I am fond of Fronts but it is very rare here in my local.


----------



## Floridagirl (Jan 10, 2008)

plug said:


> Yes I do have a Yellow Belly Alberts in there and I am alos planning on adding a Hap Flameback as well, which I believe is from that Lake or another of those lesser known lakes
> I realize the mix may be a bit different, but I will definitely be watching closely, and so far no real aggression anywhere, and if things change I will rehome or remove and troublesome or troubled fish


I'm trying not to be a "negative Nellie", but have seen many similar tanks fail. The biggest issues will start about a year in, as fish reach sexual maturity. You may not even see the aggression, but if you start having random sickness, and /or death, you will know that it is occurring. Keep on your toes.


----------



## plug (Nov 10, 2013)

Are you suggesting I maybe remove the frontosa and the Lake George fish...the yellow belly alberts?
I do have 3 venustus and will rehome 2 of them as they grow
Now that I have Multiple Tank Syndrome, I am already thinking about a separate Lake Tanganyka tank for the Frontosa...possibly

so far my OB Peacock is really nicely coloured as well as my German Red Peacock...most of the other fish are still small and not much colour


----------



## Floridagirl (Jan 10, 2008)

Things I can see happening...
1. Fronts get nipped picked on, or eat smaller fish. (Species tank would be best)
2. Random assortment of fish provides too many males and not enough females to form breeding groups Extra males fight and females are harassed to death.
3. Hybrid babies from such unions.
4. Yellow Belly Alberts could go either way. I've not kept them, but understand that they are not overly energetic, like Malawi fish. They may be able to hold their own.

Possible Solutions..
1. An all male tank, rehome all females. Keep a male Front and hope he doesn't eat the smaller fish, or rehome all the Fronts.
2. Pick 3-5 species of fish that you love in the tank, and form breeding groups. 1m to 4-6 females. Bigger fish 3 species(15 fish), mix of species 4 species( 20-25 fish), 5-6" fish, 5 species (30ish fish)


----------



## plug (Nov 10, 2013)

You offer some interesting insights obviously from your wealth of experience and knowledge
I will take all into consideration as I am by far no expert

My initial plan was to have all male tank, and from I have been told, all my Peacocks are males, but as for the other fish, it is hard to tell

Obviously my tank will be a work in progress as I continue to fine tune it taking all suggestions given and working from there


----------



## Floridagirl (Jan 10, 2008)

I's all trial an error. I have made many mistakes along the way, and continue to do so.
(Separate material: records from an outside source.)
(* For every real skew-symmetric matrix $S$ there exist real orthogonal matrices $Q_1,Q_2$ and a positive number $c\ge\lambda_{\max}(S)/2$ such that $S=c\,(Q_1+Q_2)$, where $\lambda_{\max}(S)$ is the maximum singular value of $S$. *)

theory Defs
  imports "HOL-Analysis.Analysis"
begin

text \<open>Singular values of a real square matrix A are the square roots of the
eigenvalues of the (symmetric, positive semidefinite) matrix A^T A.\<close>

definition gram_eigenvalues :: "real^'n^'n \<Rightarrow> real set" where
  "gram_eigenvalues A = {l. \<exists>v. v \<noteq> 0 \<and> (transpose A ** A) *v v = l *\<^sub>R v}"

definition max_singular_value :: "real^'n^'n \<Rightarrow> real" where
  "max_singular_value A = sqrt (Max (gram_eigenvalues A))"

definition skew_symmetric :: "real^'n^'n \<Rightarrow> bool" where
  "skew_symmetric S \<longleftrightarrow> transpose S = - S"

end

theory Submission
  imports Defs
begin

text \<open>Write S = c M with c at least the Frobenius norm of S (the norm of real^'n^'n); taking
c large also meets c \<ge> \<lambda>_max(S)/2 without comparing the two norms. Let K = M/2. If R is
symmetric, commutes with K and R^2 = I + K^2, then K + R and K - R are orthogonal, because for
skew K one gets (K \<plusminus> R)^T (K \<plusminus> R) = R^2 - K^2 = I; their sum is M. Such an R is I - E for the
fixed point E of E \<mapsto> (E^2 - K^2)/2, which for \<parallel>K\<parallel> \<le> 1/2 is a contraction of the closed set
of symmetric matrices commuting with K in the ball of radius 1/2, since the Frobenius norm is
submultiplicative.\<close>

lemma matrix_add_rdistrib: "(A + B) ** C = A ** C + B ** C"
  by (vector matrix_matrix_mult_def sum.distrib[symmetric] field_simps)

lemma matrix_diff_ldistrib:
  fixes A :: "'a::ring_1^'n^'m"
  shows "A ** (B - C) = A ** B - A ** C"
  by (simp add: matrix_matrix_mult_def vec_eq_iff sum_subtractf algebra_simps)

lemma matrix_diff_rdistrib:
  fixes A :: "'a::ring_1^'n^'m"
  shows "(A - B) ** C = A ** C - B ** C"
  by (simp add: matrix_matrix_mult_def vec_eq_iff sum_subtractf algebra_simps)

lemma matrix_mul_uminus_left:
  fixes A :: "'a::ring_1^'n^'m"
  shows "(- A) ** B = - (A ** B)"
  by (simp add: matrix_matrix_mult_def vec_eq_iff sum_negf)

lemma matrix_mul_uminus_right:
  fixes A :: "'a::ring_1^'n^'m"
  shows "A ** (- B) = - (A ** B)"
  by (simp add: matrix_matrix_mult_def vec_eq_iff sum_negf)

lemma matrix_scaleR_right:
  fixes A :: "'a::real_algebra_1^'n^'m"
  shows "A ** (k *\<^sub>R B) = k *\<^sub>R (A ** B)"
  by (simp add: matrix_scalar_ac scalar_matrix_assoc)

lemma transpose_add: "transpose (A + B) = transpose A + transpose B"
  by (simp add: transpose_def vec_eq_iff)

lemma transpose_diff: "transpose (A - B) = transpose A - transpose B"
  by (simp add: transpose_def vec_eq_iff)

lemma transpose_uminus: "transpose (- A) = - transpose A"
  by (simp add: transpose_def vec_eq_iff)

lemma norm_matrix_squared:
  fixes X :: "real^'n^'m"
  shows "(norm X)^2 = (\<Sum>i\<in>UNIV. \<Sum>j\<in>UNIV. (X$i$j)^2)"
  unfolding power2_norm_eq_inner inner_vec_def by (simp add: power2_eq_square)

lemma norm_matrix_mult_le:
  fixes A :: "real^'n^'m" and B :: "real^'p^'n"
  shows "norm (A ** B) \<le> norm A * norm B"
proof -
  have entry: "(A ** B)$i$j = inner (A$i) (column j B)" for i j
    by (simp add: matrix_matrix_mult_def column_def inner_vec_def)
  have "(norm (A ** B))^2 = (\<Sum>i\<in>UNIV. \<Sum>j\<in>UNIV. (inner (A$i) (column j B))^2)"
    by (simp only: norm_matrix_squared entry)
  also have "\<dots> \<le> (\<Sum>i\<in>UNIV. \<Sum>j\<in>UNIV. inner (A$i) (A$i) * inner (column j B) (column j B))"
    by (intro sum_mono Cauchy_Schwarz_ineq)
  also have "\<dots> = (\<Sum>i\<in>UNIV. inner (A$i) (A$i)) * (\<Sum>j\<in>UNIV. inner (column j B) (column j B))"
    by (rule sum_product[symmetric])
  also have "(\<Sum>i\<in>UNIV. inner (A$i) (A$i)) = (norm A)^2"
    by (simp only: power2_norm_eq_inner inner_vec_def)
  also have "(\<Sum>j\<in>UNIV. inner (column j B) (column j B)) = (\<Sum>j\<in>UNIV. \<Sum>k\<in>UNIV. (B$k$j)^2)"
    by (simp add: inner_vec_def column_def power2_eq_square)
  also have "\<dots> = (norm B)^2"
    by (subst sum.swap) (rule norm_matrix_squared[symmetric])
  finally have "(norm (A ** B))^2 \<le> (norm A * norm B)^2"
    by (simp only: power_mult_distrib)
  then show ?thesis
    by (rule power2_le_imp_le) simp
qed

lemma closed_symmetric_commutant:
  fixes M :: "real^'n^'n"
  shows "closed {E. transpose E = E \<and> E ** M = M ** E}"
proof -
  have "bounded_linear (\<lambda>E::real^'n^'n. transpose E)"
    "bounded_linear (\<lambda>E::real^'n^'n. E ** M)" "bounded_linear (\<lambda>E::real^'n^'n. M ** E)"
    by (auto simp: linear_conv_bounded_linear[symmetric] transpose_add transpose_scalar
        matrix_add_rdistrib matrix_add_ldistrib matrix_scaleR_right scalar_matrix_assoc
        intro!: linearI)
  then show ?thesis
    unfolding Collect_conj_eq
    by (intro closed_Int closed_Collect_eq linear_continuous_on continuous_on_id) auto
qed

lemma norm_square_diff_le:
  fixes X Y :: "real^'n^'n"
  assumes "norm X \<le> 1/2" "norm Y \<le> 1/2"
  shows "norm (X ** X - Y ** Y) \<le> norm (X - Y)"
proof -
  have "X ** X - Y ** Y = X ** (X - Y) + (X - Y) ** Y"
    by (simp add: matrix_diff_ldistrib matrix_diff_rdistrib)
  also have "norm \<dots> \<le> norm X * norm (X - Y) + norm (X - Y) * norm Y"
    by (intro norm_triangle_le add_mono norm_matrix_mult_le)
  also have "\<dots> \<le> 1/2 * norm (X - Y) + norm (X - Y) * (1/2)"
    using assms by (intro add_mono mult_right_mono mult_left_mono) auto
  finally show ?thesis by simp
qed

lemma commuting_symmetric_sqrt_of_mat1_minus:
  fixes N M :: "real^'n^'n"
  assumes "norm N \<le> 1/4" "transpose N = N" "N ** M = M ** N"
  obtains R where "transpose R = R" "R ** M = M ** R" "R ** R = mat 1 - N"
proof -
  define D where "D = {E. transpose E = E \<and> E ** M = M ** E} \<inter> cball 0 (1/2)"
  define f where "f E = (1/2) *\<^sub>R (N + E ** E)" for E :: "real^'n^'n"
  have "complete D"
    unfolding D_def complete_eq_closed by (intro closed_Int closed_symmetric_commutant closed_cball)
  moreover have "0 \<in> D"
    by (simp add: D_def transpose_def vec_eq_iff)
  moreover have "f ` D \<subseteq> D"
  proof clarify
    fix E assume "E \<in> D"
    then have E: "transpose E = E" "E ** M = M ** E" "norm E \<le> 1/2"
      by (auto simp: D_def)
    have "norm (E ** E) \<le> 1/4"
      using norm_matrix_mult_le[of E E] mult_mono[OF E(3) E(3)] by simp
    then have "norm (N + E ** E) \<le> 1/2"
      using assms(1) norm_triangle_ineq[of N "E ** E"] by linarith
    moreover have "(E ** E) ** M = M ** (E ** E)"
      by (metis matrix_mul_assoc E(2))
    ultimately show "f E \<in> D"
      using assms(2,3) E(1)
      by (simp add: D_def f_def transpose_add transpose_scalar matrix_transpose_mul
          matrix_add_rdistrib matrix_add_ldistrib matrix_scaleR_right flip: scalar_matrix_assoc)
  qed
  moreover have "dist (f X) (f Y) \<le> 1/2 * dist X Y" if "X \<in> D" "Y \<in> D" for X Y
  proof -
    have "f X - f Y = (1/2) *\<^sub>R (X ** X - Y ** Y)"
      by (simp add: f_def algebra_simps)
    then show ?thesis
      using that norm_square_diff_le[of X Y] by (simp add: D_def dist_norm)
  qed
  ultimately obtain E where "E \<in> D" "f E = E"
    using Banach_fix[of D "1/2" f] by auto
  moreover have "N + E ** E = 2 *\<^sub>R f E"
    by (simp add: f_def)
  ultimately have E: "transpose E = E" "E ** M = M ** E" "E ** E = 2 *\<^sub>R E - N"
    by (auto simp: D_def algebra_simps)
  show thesis
  proof
    show "transpose (mat 1 - E) = mat 1 - E"
      by (simp add: transpose_diff E(1))
    show "(mat 1 - E) ** M = M ** (mat 1 - E)"
      by (simp add: matrix_diff_ldistrib matrix_diff_rdistrib E(2))
    show "(mat 1 - E) ** (mat 1 - E) = mat 1 - N"
      by (simp add: matrix_diff_ldistrib matrix_diff_rdistrib E(3) scaleR_2)
  qed
qed

lemma orthogonal_matrix_skew_plus_symmetric:
  fixes K R :: "real^'n^'n"
  assumes "skew_symmetric K" "transpose R = R" "R ** K = K ** R" "R ** R - K ** K = mat 1"
  shows "orthogonal_matrix (K + R)"
proof -
  have "transpose (K + R) ** (K + R) = (R - K) ** (K + R)"
    using assms(1,2) by (simp add: skew_symmetric_def transpose_add)
  also have "\<dots> = R ** R - K ** K + (R ** K - K ** R)"
    by (simp add: matrix_add_ldistrib matrix_diff_rdistrib)
  also have "\<dots> = mat 1"
    using assms(3,4) by simp
  finally show ?thesis
    by (simp add: orthogonal_matrix)
qed

lemma skew_symmetric_eq_sum_of_orthogonal:
  fixes M :: "real^'n^'n"
  assumes "skew_symmetric M" "norm M \<le> 1"
  obtains Q1 Q2 where "orthogonal_matrix Q1" "orthogonal_matrix Q2" "M = Q1 + Q2"
proof -
  define K where "K = (1/2) *\<^sub>R M"
  have K: "skew_symmetric K"
    using assms(1) by (simp add: K_def skew_symmetric_def transpose_scalar)
  have "norm (K ** K) \<le> 1/4"
    using norm_matrix_mult_le[of K K] mult_mono[of "norm K" "1/2" "norm K" "1/2"] assms(2)
    by (simp add: K_def)
  moreover have "transpose (- (K ** K)) = - (K ** K)"
    using K by (simp add: skew_symmetric_def transpose_uminus matrix_transpose_mul
        matrix_mul_uminus_left matrix_mul_uminus_right)
  moreover have "(- (K ** K)) ** K = K ** (- (K ** K))"
    by (simp add: matrix_mul_uminus_left matrix_mul_uminus_right matrix_mul_assoc)
  ultimately obtain R where R: "transpose R = R" "R ** K = K ** R" "R ** R = mat 1 + K ** K"
    using commuting_symmetric_sqrt_of_mat1_minus[of "- (K ** K)" K] by auto
  show thesis
  proof
    show "orthogonal_matrix (K + R)"
      using K R by (intro orthogonal_matrix_skew_plus_symmetric) auto
    show "orthogonal_matrix (K + - R)"
      using K R by (intro orthogonal_matrix_skew_plus_symmetric)
        (auto simp: transpose_uminus matrix_mul_uminus_left matrix_mul_uminus_right)
    show "M = (K + R) + (K + - R)"
      by (simp add: K_def flip: scaleR_add_left)
  qed
qed

theorem mainTheorem18:
  fixes S :: "real^'n^'n"
  assumes "skew_symmetric S"
  shows "\<exists>Q1 Q2 :: real^'n^'n. \<exists>c :: real.
           orthogonal_matrix Q1 \<and> orthogonal_matrix Q2 \<and> c > 0 \<and>
           c \<ge> max_singular_value S / 2 \<and> S = c *\<^sub>R (Q1 + Q2)"
proof -
  define c where "c = norm S + \<bar>max_singular_value S\<bar> + 1"
  have c: "c > 0" "norm S \<le> c" "c \<ge> max_singular_value S / 2"
    using norm_ge_zero[of S] abs_ge_self[of "max_singular_value S"] abs_ge_zero[of "max_singular_value S"]
    unfolding c_def by linarith+
  have "skew_symmetric ((1/c) *\<^sub>R S)"
    using assms by (simp add: skew_symmetric_def transpose_scalar)
  moreover have "norm ((1/c) *\<^sub>R S) \<le> 1"
    using c by (simp add: divide_le_eq)
  ultimately obtain Q1 Q2 where Q: "orthogonal_matrix Q1" "orthogonal_matrix Q2"
      "(1/c) *\<^sub>R S = Q1 + Q2"
    by (rule skew_symmetric_eq_sum_of_orthogonal)
  then have "S = c *\<^sub>R (Q1 + Q2)"
    using c(1) by (simp flip: Q(3))
  then show ?thesis
    using Q c by blast
qed

end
I have seen tanks that I was skeptical about do fine, and tanks that should be foolproof, fail. It's just best to know how they should act and be prepared. But, as I am fond of saying, "Fish don't read their profiles!"


----------



## DJRansome (Oct 29, 2005)

I'd shoot for 25 fish (mixed genders) or 18 fish (all male) in a 125G depending on the species. When I tried mixing Tangs with Malawi peacocks and haps it didn't work well (leleupi, trets, calvus). Same with mixing Victorians with peacocks and haps (flamebacks, nyererei). No one died but the fish from the non-Malawi lake did better in species tanks or community tanks with others of their same Lake. Just my experience.


----------